I propose the following question be used as a litmus test of sorts — to determine whether or not an application ought to be decentralized.

Does it solve a problem, the outcome of which, without decentralization, is unduly influenced by a centralized entity (government, corporation, individual, cartel, etc.)?

In order to understand how to apply this prompt, allow us to consider the following examples,

Bitcoin – Decentralized Money

Is centralized money unduly influenced by a centralized entity? Yes, central banks, in collusion with governments, manipulate the money supply to the detriment of society.

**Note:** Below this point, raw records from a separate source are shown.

lemma sum_neighbour_degrees_le:
  assumes sg: "simple_graph V E" and deg_pos: "\<And>u. u \<in> V \<Longrightarrow> 0 < Defs.degree V E u"
    and u: "u \<in> V"
  shows "(\<Sum>v\<in>neighbours V E u. Defs.degree V E v) + card V \<le> 2 * num_edges V E + 1"
proof -
  let ?d = "Defs.degree V E" and ?N = "neighbours V E u"
  define R where "R = V - insert u ?N"
  have fin: "finite V"
    using sg by (simp add: simple_graph_def)
  have sub: "insert u ?N \<subseteq> V"
    using u by (auto simp: neighbours_def)
  have u_notin: "u \<notin> ?N"
    using sg by (simp add: simple_graph_def neighbours_def)
  have "card V = card R + card (insert u ?N)"
    unfolding R_def using fin sub by (metis card_Diff_subset card_mono finite_subset le_add_diff_inverse2)
  also have "card (insert u ?N) = ?d u + 1"
    using finite_neighbours[OF sg] u_notin by (simp add: degree_eq_card_neighbours)
  finally have card_V: "card V = card R + ?d u + 1" by simp
  have "card R \<le> sum ?d R"
    using sum_bounded_below[of R 1 ?d] deg_pos unfolding R_def by (simp add: Suc_le_eq)
  moreover have "2 * num_edges V E = sum ?d R + ?d u + sum ?d ?N"
    using sum_degree_eq_twice_num_edges[OF sg] sum.subset_diff[OF sub fin, of ?d]
      finite_neighbours[OF sg] u_notin unfolding R_def by simp
  ultimately show ?thesis
    using card_V by linarith
qed
lemma binomial_in_gen_ideal_tfp_generators:
  fixes \<alpha> \<beta> :: "'g::monoid_add list \<Rightarrow>\<^sub>0 nat"
  assumes keys: "keys \<alpha> \<subseteq> q_vars (length ls)" "keys \<beta> \<subseteq> q_vars (length ls)"
    and same_image: "monomial_map (phi_exponent E ls) \<alpha> = monomial_map (phi_exponent E ls) \<beta>"
  shows "eval_monom (\<lambda>gs. Var (Inl (plus_index gs)) * Var (Inr (minus_index gs))) \<alpha>
       - eval_monom (\<lambda>gs. Var (Inl (plus_index gs)) * Var (Inr (minus_index gs))) \<beta>
     \<in> (gen_ideal tfp_generators :: ('g list + 'g list, 'k::comm_ring_1) mpoly set)"
proof -
  have phi_same: "eval_monom (phi_var E ls) \<alpha> = (eval_monom (phi_var E ls) \<beta> :: (_, 'k) mpoly)"
    unfolding phi_var_eq_monomial eval_monom_monomials same_image ..
  have restrict: "subst (\<lambda>v. if fst v \<in> F then Var v else 1) (phi_var E ls gs)
      = (\<Prod>e'\<in>F. Var (e', edge_label E ls e' gs) :: (_, 'k) mpoly)" if "F \<subseteq> E" for F gs
    using subst_restrict_phi_var[OF rooted_tree_finite[OF tree] that] .
  define A where "A \<gamma> = eval_monom (\<lambda>x. Var (plus_index x) :: ('g list, 'k) mpoly) \<gamma>" for \<gamma>
  define B where "B \<gamma> = eval_monom (\<lambda>x. Var (minus_index x) :: ('g list, 'k) mpoly) \<gamma>" for \<gamma>
  have A: "A \<alpha> - A \<beta> \<in> I_plus"
    unfolding A_def
    by (rule binomial_in_I_GT[OF keys phi_same,
          where R = "\<lambda>v. if fst v \<in> plus_edges E e then Var v else 1"])
      (auto simp: q_vars_def restrict[OF plus_edges_subset] phi_var_plus_edges)
  have B: "B \<alpha> - B \<beta> \<in> I_minus"
    unfolding B_def
    by (rule binomial_in_I_GT[OF keys phi_same,
          where R = "\<lambda>v. if fst v \<in> minus_edges E e then Var v else 1"])
      (auto simp: q_vars_def restrict[OF minus_edges_subset] phi_var_minus_edges k_le_length min_absorb2)
  let ?inl = "subst (\<lambda>x. Var (Inl x) :: ('g list + 'g list, 'k) mpoly)"
  let ?inr = "subst (\<lambda>y. Var (Inr y) :: ('g list + 'g list, 'k) mpoly)"
  have factor: "eval_monom (\<lambda>gs. Var (Inl (plus_index gs)) * Var (Inr (minus_index gs))) \<gamma>
      = ?inl (A \<gamma>) * ?inr (B \<gamma>)" for \<gamma>
    unfolding A_def B_def subst_eval_monom subst_Var
    by (simp add: eval_monom_def power_mult_distrib prod.distrib)
  have "?inl (A \<alpha>) * ?inr (B \<alpha>) - ?inl (A \<beta>) * ?inr (B \<beta>)
      = ?inr (B \<alpha>) * ?inl (A \<alpha> - A \<beta>) + ?inl (A \<beta>) * ?inr (B \<alpha> - B \<beta>)"
    by (simp add: subst_diff algebra_simps)
  also have "\<dots> \<in> gen_ideal tfp_generators"
    using A B by (intro gen_ideal.add gen_ideal.gen) auto
  finally show ?thesis unfolding factor .
qed

text \<open>The a-variable of e occurs in the images of both halves of q_g, so the product of these
  images is phi_T(q_g) with that variable squared.\<close>

abbreviation square_edge :: "(('v \<times> 'v) \<times> 'g, 'k::comm_ring_1) mpoly \<Rightarrow> (('v \<times> 'v) \<times> 'g, 'k) mpoly" where
  "square_edge \<equiv> subst (\<lambda>v. monomial (Poly_Mapping.single v (if fst v = e then 2 else 1)))"

lemma square_edge_eq_zero_imp: "square_edge p = 0 \<Longrightarrow> p = 0"
  by (rule subst_monomials_eq_zero_imp[OF inj_monomial_map_single]) simp_all

lemma phi_var_plus_times_minus:
  fixes gs :: "'g::monoid_add list"
  assumes "length gs = length ls"
  shows "phi_var (plus_edges E e) plus_leaves (plus_index gs) * phi_var (minus_edges E e) minus_leaves (minus_index gs)
    = (square_edge (phi_var E ls gs) :: (_, 'k::comm_ring_1) mpoly)"
proof -
  define V where "V e' = (Var (e', edge_label E ls e' gs) :: (('v \<times> 'v) \<times> 'g, 'k) mpoly)" for e'
  have fin: "finite E" by (rule rooted_tree_finite[OF tree])
  have "(\<Prod>e'\<in>plus_edges E e. V e') * (\<Prod>e'\<in>minus_edges E e. V e')
      = (\<Prod>e'\<in>plus_edges E e \<union> minus_edges E e. V e') * (\<Prod>e'\<in>plus_edges E e \<inter> minus_edges E e. V e')"
    using finite_subset[OF plus_edges_subset fin] finite_subset[OF minus_edges_subset fin]
    by (rule prod.union_inter[symmetric])
  also have "\<dots> = (\<Prod>e'\<in>E. V e' * (if e' = e then V e' else 1))"
    unfolding plus_edges_Un_minus_edges plus_edges_Int_minus_edges[OF edge]
    using fin edge by (simp add: prod.distrib prod.delta)
  also have "\<dots> = square_edge (phi_var E ls gs)"
    unfolding phi_var_def subst_prod subst_Var V_def
    by (intro prod.cong refl) (simp add: Var_def mult_single numeral_2_eq_2 flip: single_add)
  finally show ?thesis
    unfolding V_def phi_var_plus_edges[OF assms] phi_var_minus_edges .
qed

lemma image_subset_toric_fiber_product:
  "subst (\<lambda>gs. Var (plus_index gs, minus_index gs)) ` (I_GT E ls :: ('g::monoid_add list, 'k::comm_ring_1) mpoly set)
    \<subseteq> I_tfp"
proof
  fix q assume "q \<in> subst (\<lambda>gs. Var (plus_index gs, minus_index gs)) ` (I_GT E ls :: ('g list, 'k) mpoly set)"
  then obtain p :: "('g list, 'k) mpoly" where p: "p \<in> I_GT E ls"
    and q: "q = subst (\<lambda>gs. Var (plus_index gs, minus_index gs)) p" by blast
  have pvars_p: "pvars p \<subseteq> q_vars (length ls)" and kernel: "phi E ls p = 0"
    using p unfolding I_GT_def polys_in_def by auto
  have "pvars q \<subseteq> split_vars"
    unfolding q using pvars_p k_le_length
    by (intro pvars_subst) (auto simp: pvars_Var tfp_vars_def q_vars_def)
  moreover have "subst (\<lambda>(j, k). Var (Inl j) * Var (Inr k)) q
      = subst (\<lambda>gs. Var (Inl (plus_index gs)) * Var (Inr (minus_index gs))) p"
    unfolding q subst_subst by simp
  moreover have "\<dots> \<in> gen_ideal tfp_generators"
    using kernel pvars_p keys_subset_pvars
    by (intro subst_kernel_monomials_in_gen_ideal[where \<mu> = "phi_exponent E ls"]
        binomial_in_gen_ideal_tfp_generators)
      (auto simp: phi_eq_subst_phi_var phi_var_eq_monomial)
  ultimately show "q \<in> I_tfp"
    unfolding toric_fiber_product_def polys_in_def by simp
qed

lemma split_vars_join:
  assumes "z \<in> (split_vars :: ('g::monoid_add list \<times> 'g list) set)"
  shows "length (join_index z) = length ls"
    and "plus_index (join_index z) = fst z" and "minus_index (join_index z) = snd z"
proof -
  have "length (fst z) = length ls - k + 1" "length (snd z) = k" "hd (fst z) = sum_list (snd z)"
    using assms unfolding tfp_vars_def q_vars_def by auto
  then show "length (join_index z) = length ls"
    and "plus_index (join_index z) = fst z" and "minus_index (join_index z) = snd z"
    using k_le_length by (cases "fst z"; simp)+
qed

lemma square_edge_phi_join:
  fixes q :: "('g::monoid_add list \<times> 'g list, 'k::comm_ring_1) mpoly"
  assumes "pvars q \<subseteq> split_vars"
  shows "square_edge (phi E ls (subst (\<lambda>z. Var (join_index z)) q))
    = subst (case_sum (phi_var (plus_edges E e) plus_leaves) (phi_var (minus_edges E e) minus_leaves))
        (subst (\<lambda>(j, k). Var (Inl j) * Var (Inr k)) q)"
  unfolding phi_eq_subst_phi_var subst_subst subst_Var
proof (intro subst_cong)
  fix z assume "z \<in> pvars q"
  then have "z \<in> split_vars" using assms by blast
  note join = split_vars_join[OF this]
  show "square_edge (phi_var E ls (join_index z))
      = subst (case_sum (phi_var (plus_edges E e) plus_leaves) (phi_var (minus_edges E e) minus_leaves))
          (case z of (j, k) \<Rightarrow> Var (Inl j) * Var (Inr k))"
    using phi_var_plus_times_minus[OF join(1), unfolded join(2), unfolded join(3), symmetric]
    by (simp add: case_prod_beta subst_mult)
qed

lemma toric_fiber_product_subset_image:
  "I_tfp \<subseteq> subst (\<lambda>gs. Var (plus_index gs, minus_index gs)) `
    (I_GT E ls :: ('g::monoid_add list, 'k::comm_ring_1) mpoly set)"
proof
  fix q :: "('g list \<times> 'g list, 'k) mpoly"
  assume "q \<in> I_tfp"
  then have pvars_q: "pvars q \<subseteq> split_vars"
    and ideal: "subst (\<lambda>(j, k). Var (Inl j) * Var (Inr k)) q \<in> gen_ideal tfp_generators"
    unfolding toric_fiber_product_def polys_in_def by auto
  note join = split_vars_join[OF subsetD[OF pvars_q]]
  define p where "p = subst (\<lambda>z. Var (join_index z)) q"
  have "subst (\<lambda>gs. Var (plus_index gs, minus_index gs)) p = subst Var q"
    unfolding p_def subst_subst subst_Var using join by (intro subst_cong) (metis prod.collapse)
  then have q_eq: "q = subst (\<lambda>gs. Var (plus_index gs, minus_index gs)) p"
    by (simp add: subst_Var_self)
  have "pvars p \<subseteq> q_vars (length ls)"
    unfolding p_def using join by (intro pvars_subst) (simp add: pvars_Var q_vars_def)
  moreover have "square_edge (phi E ls p) = 0"
    unfolding p_def square_edge_phi_join[OF pvars_q] using ideal
    by (rule subst_gen_ideal_eq_zero) (auto simp: subst_subst I_GT_def phi_eq_subst_phi_var)
  ultimately have "p \<in> I_GT E ls"
    unfolding I_GT_def polys_in_def using square_edge_eq_zero_imp by auto
  then show "q \<in> subst (\<lambda>gs. Var (plus_index gs, minus_index gs)) ` I_GT E ls"
    using q_eq by blast
qed

end

lemma int_lin_independent_unit_vec: "int_lin_independent (range unit_vec)"
  unfolding int_lin_independent_def
proof (intro notI, elim exE conjE bexE)
  fix t u v
  assume t: "finite t" "t \<subseteq> range unit_vec"
    and vanish: "(\<lambda>h'. \<Sum>v\<in>t. u v * v h') = (\<lambda>_. 0)" and v: "v \<in> t" "u v \<noteq> 0"
  obtain h where h: "v = unit_vec h" using t(2) v(1) by blast
  have "(\<Sum>w\<in>t. u w * w h) = (\<Sum>w\<in>t. if w = v then u w else 0)"
  proof (rule sum.cong[OF refl])
    fix w assume "w \<in> t"
    then obtain h' where "w = unit_vec h'" using t(2) by blast
    then show "u w * w h = (if w = v then u w else 0)"
      using h by (auto simp: unit_vec_def fun_eq_iff)
  qed
  then have "(\<Sum>w\<in>t. u w * w h) = u v" using t(1) v(1) by simp
  then show False using fun_cong[OF vanish, of h] v(2) by simp
qed

theorem theorem3p9:
  fixes E :: "('v \<times> 'v) set" and r :: 'v and ls :: "'v list"
    and e :: "'v \<times> 'v" and k :: nat
  assumes tree: "rooted_tree E r ls"
    and intervals: "\<forall>e'\<in>E. \<exists>a b. de E ls e' = {a..b}"
    and interior: "interior_edge E r ls e"
    and de_e: "de E ls e = {0..<k}"
  shows "int_lin_independent (range (unit_vec :: 'g::{group_add, finite} \<Rightarrow> 'g \<Rightarrow> int))
    \<and> (\<lambda>p. subst (\<lambda>gs. Var (sum_list (take k gs) # drop k gs, take k gs)) p)
          ` (I_GT E ls :: ('g list, 'k::field) mpoly set)
      = toric_fiber_product
          (q_vars (length ls - k + 1)) (q_vars k) hd sum_list
          (I_GT (plus_edges E e) (snd e # drop k ls))
          (I_GT (minus_edges E e) (take k ls))"
proof -
  have "e \<in> E" using interior unfolding interior_edge_def by simp
  then interpret edge_split E r ls e k
    using tree de_e by unfold_locales
  show ?thesis
    by (intro conjI int_lin_independent_unit_vec subset_antisym
        image_subset_toric_fiber_product toric_fiber_product_subset_image)
qed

Filecoin – Decentralized Storage

Is centralized file storage unduly influenced by a centralized entity? Not really. In theory it could be, but in practice it is not. Filecoin offers users the ability to efficiently utilize unused storage space, but such a system could easily be achieved with E2E encryption and a centralized backend. The reason the centralized version doesn’t already exist is most likely because there is no demand for it.

Decentralized Property Registries

Are centralized property registries unduly influenced by a centralized entity? Yes, allowing government officials to be the final arbiters over property ownership leads to large scale corruption and theft — and, in some cases, their incompetence causes widespread poverty.

Viola – Decentralized Dating

Is centralized dating unduly influenced by a centralized entity? No… also Viola is a real blockchain-based dating platform and “viola” also happens to mean “rape” in Spanish.¯\_(ツ)_/¯ (thankfully, I and others, alerted them of this and they are changing their name).

Keep in mind, the fact that an idea is prime for decentralization does not mean that any given implementation thereof will be successful. Decentralized applications (dApps) ought to be judged by the same criteria we use for other technologies, products, or businesses; they must be executed properly and positioned to win in the market.